Developer Guide (API Version 2009-03-31)
Print this pageEmail this pageGo to the ForumsView the PDFShare this page on TwitterShare this page on FacebookBookmark this page on DeliciousSubmit this page to RedditSubmit this page to DiggDid this page help you?  Yes  No   Tell us about it...

Add Steps to a Job Flow

This section describes the methods for adding steps to a job flow.

You can add steps to a running job flow only if you set the KeepJobFlowAliveWhenNoSteps parameter to True when you create the job flow. This value keeps the Hadoop cluster engaged even after the completion of a job flow.

The Amazon Elastic MapReduce (Amazon EMR) console does not support adding steps to a job flow.

Example using the CLI

The following example creates a simple job flow and then adds a step to the job flow.


To add a step to a job flow

  1. Create a job flow:

    If you are using...Enter the following...
    Linux or UNIX
    $ ./elastic-mapreduce --create --active --stream
    Microsoft Windowsc:\ruby elastic-mapreduce --create --active --stream

    The --streaming parameter adds a streaming step using default parameters. The default parameters are the word count example that is available in the Amazon EMR console.

    The output looks similar to the following.

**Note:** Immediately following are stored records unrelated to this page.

(* Let $F$, $P_F$, $\mathcal F_0$ be as described in the context. For any non-peripheral curve $C\subset\widehat{\mathbb C}\setminus P_F$ and any component $C'$ of $F^{-1}(C)$, $N_{\mathcal F_0}(C')\le N_{\mathcal F_0}(C)$.
   Context: Setting: $f,g$ are post-critically finite polynomials, each with a bounded immediate super-attracting basin of degree $d_0\ge2$ normalized to be the unit disk $\mathbb D$ on which the map is $z\mapsto z^{d_0}$, with the other critical orbits avoiding $\mathbb D$. With $\iota(\zeta)=e^{2\pi ik/(d_0-1)}/\zeta$ for a fixed $1\le k\le d_0-1$, the topological gluing is $F(z)=f(z)$ for $z\in\mathbb D^c$, $F(z)=\iota\circ g\circ\iota(z)$ for $z\in\mathbb D$; $P_F$ is its finite post-critical set. A non-peripheral curve is a simple closed curve in $\widehat{\mathbb C}\setminus P_F$ each of whose complementary components contains at least two points of $P_F$. A separating arc is a piecewise smooth Jordan curve. $\mathcal F_0$ is a fixed finite family of periodic separating arcs (formed by forward orbits of images of an admissible family of arcs built from external/internal rays of $f$ and $\tilde g=\iota\circ g\circ\iota$) such that $F$ permutes $\mathcal F_0$ and maps each $L\in\mathcal F_0$ homeomorphically onto $F(L)\in\mathcal F_0$. The complexity is $N_{\mathcal F_0}(C)=\min_{\gamma\sim C}\sum_{L\in\mathcal F_0}N(\gamma,L)$, minimum over simple closed curves $\gamma$ homotopic to $C$ in $\widehat{\mathbb C}\setminus P_F$, with $N(\gamma,L)$ the number of intersection points. *)

theory Defs
  imports "HOL-Analysis.Analysis" "HOL-Computational_Algebra.Polynomial" "HOL-Library.Extended_Nat"
begin

section \<open>Riemann sphere: complex option, None = infinity, topology via stereographic projection\<close>

definition st :: "complex option \<Rightarrow> real \<times> real \<times> real" where
  "st w = (case w of None \<Rightarrow> (0, 0, 1)
     | Some z \<Rightarrow> (2 * Re z / ((cmod z)^2 + 1), 2 * Im z / ((cmod z)^2 + 1),
                  ((cmod z)^2 - 1) / ((cmod z)^2 + 1)))"

definition jordan_curve :: "complex option set \<Rightarrow> bool" where
  "jordan_curve C \<longleftrightarrow> (\<exists>p. simple_path p \<and> pathfinish p = pathstart p \<and> path_image p = st ` C)"

definition separating_arc :: "complex option set \<Rightarrow> bool" where
  "separating_arc L \<longleftrightarrow> (\<exists>p. simple_path p \<and> valid_path p \<and> pathfinish p = pathstart p
                              \<and> path_image p = st ` L)"

text \<open>Free homotopy of (unoriented) simple closed curves in the sphere minus P.\<close>
definition curve_homotopic :: "complex option set \<Rightarrow> complex option set \<Rightarrow> complex option set \<Rightarrow> bool" where
  "curve_homotopic P \<gamma> C \<longleftrightarrow> (\<exists>p q. simple_path p \<and> pathfinish p = pathstart p \<and> path_image p = st ` \<gamma>
      \<and> simple_path q \<and> pathfinish q = pathstart q \<and> path_image q = st ` C
      \<and> homotopic_loops (st ` (UNIV - P)) p q)"

definition non_peripheral :: "complex option set \<Rightarrow> complex option set \<Rightarrow> bool" where
  "non_peripheral P C \<longleftrightarrow> jordan_curve C \<and> C \<inter> P = {} \<and>
     (\<forall>x \<in> st ` (UNIV - C). 2 \<le> card (connected_component_set (st ` (UNIV - C)) x \<inter> st ` P))"

definition Nint :: "complex option set \<Rightarrow> complex option set \<Rightarrow> enat" where
  "Nint \<gamma> L = (if finite (\<gamma> \<inter> L) then enat (card (\<gamma> \<inter> L)) else \<infinity>)"

definition complexity :: "complex option set \<Rightarrow> complex option set set \<Rightarrow> complex option set \<Rightarrow> enat" where
  "complexity P F0 C = (INF \<gamma> \<in> {\<gamma>. jordan_curve \<gamma> \<and> curve_homotopic P \<gamma> C}. \<Sum>L\<in>F0. Nint \<gamma> L)"

text \<open>f is a post-critically finite polynomial p with a bounded immediate super-attracting
 basin U of local degree d0, normalized by a homeomorphism phi of the plane with phi(D) = U
 so that f = phi^-1 o p o phi and f(z) = z^d0 on D; other critical orbits of p avoid U.\<close>
definition normalized_pcf_poly :: "nat \<Rightarrow> (complex \<Rightarrow> complex) \<Rightarrow> bool" where
  "normalized_pcf_poly d0 f \<longleftrightarrow> (\<exists>(p::complex poly) \<phi> \<psi> a.
      degree p \<ge> 2 \<and> homeomorphism UNIV UNIV \<phi> \<psi> \<and> (\<forall>z. \<phi> (f z) = poly p (\<phi> z)) \<and>
      poly p a = a \<and> order a (p - [:a:]) = d0 \<and>
      (let U = connected_component_set {z. (\<lambda>n. (poly p ^^ n) z) \<longlonglongrightarrow> a} a in
         bounded U \<and> \<phi> ` ball 0 1 = U \<and>
         (\<forall>c. poly (pderiv p) c = 0 \<and> c \<notin> U \<longrightarrow> (\<forall>n. (poly p ^^ n) c \<notin> U))) \<and>
      (\<forall>z \<in> ball 0 1. f z = z ^ d0) \<and>
      finite {(poly p ^^ n) c | n c. n \<ge> 1 \<and> poly (pderiv p) c = 0})"

definition iota :: "nat \<Rightarrow> nat \<Rightarrow> complex \<Rightarrow> complex" where
  "iota d0 k \<zeta> = cis (2 * pi * real k / real (d0 - 1)) / \<zeta>"

definition glue :: "(complex \<Rightarrow> complex) \<Rightarrow> (complex \<Rightarrow> complex) \<Rightarrow> nat \<Rightarrow> nat
                    \<Rightarrow> complex option \<Rightarrow> complex option" where
  "glue f g d0 k w = (case w of None \<Rightarrow> None
     | Some z \<Rightarrow> if cmod z \<ge> 1 then Some (f z)
                else if z = 0 then Some 0
                else if g (iota d0 k z) = 0 then None
                else Some (iota d0 k (g (iota d0 k z))))"

definition critical_points :: "(complex option \<Rightarrow> complex option) \<Rightarrow> complex option set" where
  "critical_points F = {c. \<forall>e>0. \<not> inj_on F {w. dist (st w) (st c) < e}}"

definition postcrit :: "(complex option \<Rightarrow> complex option) \<Rightarrow> complex option set" where
  "postcrit F = {(F ^^ n) c | n c. n \<ge> 1 \<and> c \<in> critical_points F}"

definition sep_family :: "(complex option \<Rightarrow> complex option) \<Rightarrow> complex option set set \<Rightarrow> bool" where
  "sep_family F F0 \<longleftrightarrow> finite F0 \<and> bij_betw ((`) F) F0 F0 \<and>
     (\<forall>L \<in> F0. separating_arc L \<and> inj_on F L \<and> F ` L \<in> F0)"

definition preimage_component :: "(complex option \<Rightarrow> complex option) \<Rightarrow> complex option set
                                   \<Rightarrow> complex option set \<Rightarrow> bool" where
  "preimage_component F C C' \<longleftrightarrow>
     (\<exists>x \<in> F -` C. st ` C' = connected_component_set (st ` (F -` C)) (st x))"

end

theory Submission
  imports Defs "HOL-Library.Periodic_Fun"
begin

    Created job flow JobFlowID
  2. Add a step:

    If you are using...Enter the following...
    Linux or UNIX
    $ ./elastic-mapreduce -j JobFlowID \
        --jar s3n://elasticmapreduce/samples/cloudburst/cloudburst.jar \
        --main-class org.myorg.WordCount \
        --arg s3n://elasticmapreduce/samples/cloudburst/input/s_suis.br \
        --arg s3n://elasticmapreduce/samples/cloudburst/input/100k.br \
        --arg hdfs:///cloudburst/output/1 \
        --arg 36 --arg 3 --arg 0 --arg 1 --arg 240 --arg 48 --arg 24 \
        --arg 24 --arg 128 --arg 16
    Microsoft Windows$ ./elastic-mapreduce -j JobFlowID --jar s3n://elasticmapreduce/samples/cloudburst/cloudburst.jar --main-class org.myorg.WordCount --arg s3n://elasticmapreduce/samples/cloudburst/input/s_suis.br --arg s3n://elasticmapreduce/samples/cloudburst/input/100k.br --arg hdfs:///cloudburst/output/1 --arg 36 --arg 3 --arg 0 --arg 1 --arg 240 --arg 48 --arg 24 --arg 24 --arg 128 --arg 16

This command runs an example job flow step that downloads and runs the JAR file. The arguments are passed to the main function in the JAR file.

If your JAR file has a manifest, you do not need to specify the JAR file's main class using --main-class, as shown in the preceding example.

Example using the API

The steps parameter defines the location and input parameters for the Hadoop JAR steps that perform the processing on the input data. Each step is identified by a member number.

Typically, you specify all job flow steps in a RunJobFlow request. The value of AddJobFlowSteps is that you can add steps to a job flow while it is already loaded onto the Amazon EC2 instances. You typically add steps to modify the data processing or to aid in debugging a job flow when you are working interactively with the job flow, that is, you are adding steps to the job flow while the job flow execution is paused.

The name parameter helps you distinguish step results, so it is best to make each name unique. Amazon EMR does not check for the uniqueness of step names.

The remainder of the steps parameter specifies the JAR file and the input parameters used to process the data.

When you debug a job flow, you must set the RunJobFlow parameter KeepJobAliveWhenNoSteps to True and ActionOnFailure to CANCEL_AND_WAIT.


[Note]Note

The maximum number of steps allowed in a job flow is 256. For ways to overcome this limitation, go to the section called “Add More than 256 Steps to a Job Flow”

To add steps to a job flow

  • Send a request similar to the following.

    https://elasticmapreduce.amazonaws.com?
    JobFlowId=JobFlowID&
    Steps.member.1.Name=MyStep2&
    Steps.member.1.ActionOnFailure=CONTINUE&
    Steps.member.1.HadoopJarStep.Jar=s3://mybucket/MySecondJar&
    Steps.member.1.HadoopJarStep.MainClass=MainClass&
    Steps.member.1.HadoopJarStep.Args.member.1=arg1&
    Operation=AddJobFlowSteps&
    AWSAccessKeyId=AccessKeyID&
    SignatureVersion=2&
    SignatureMethod=HmacSHA256&
    Timestamp=2009-01-28T21%3A51%3A51.000Z&
    Signature=calculated value

    For more information about the parameters unique to AddJobFlowSteps, see AddJobFlowSteps. For more information about the generic parameters in the request, see Common Request Parameters.

The response contains the request ID.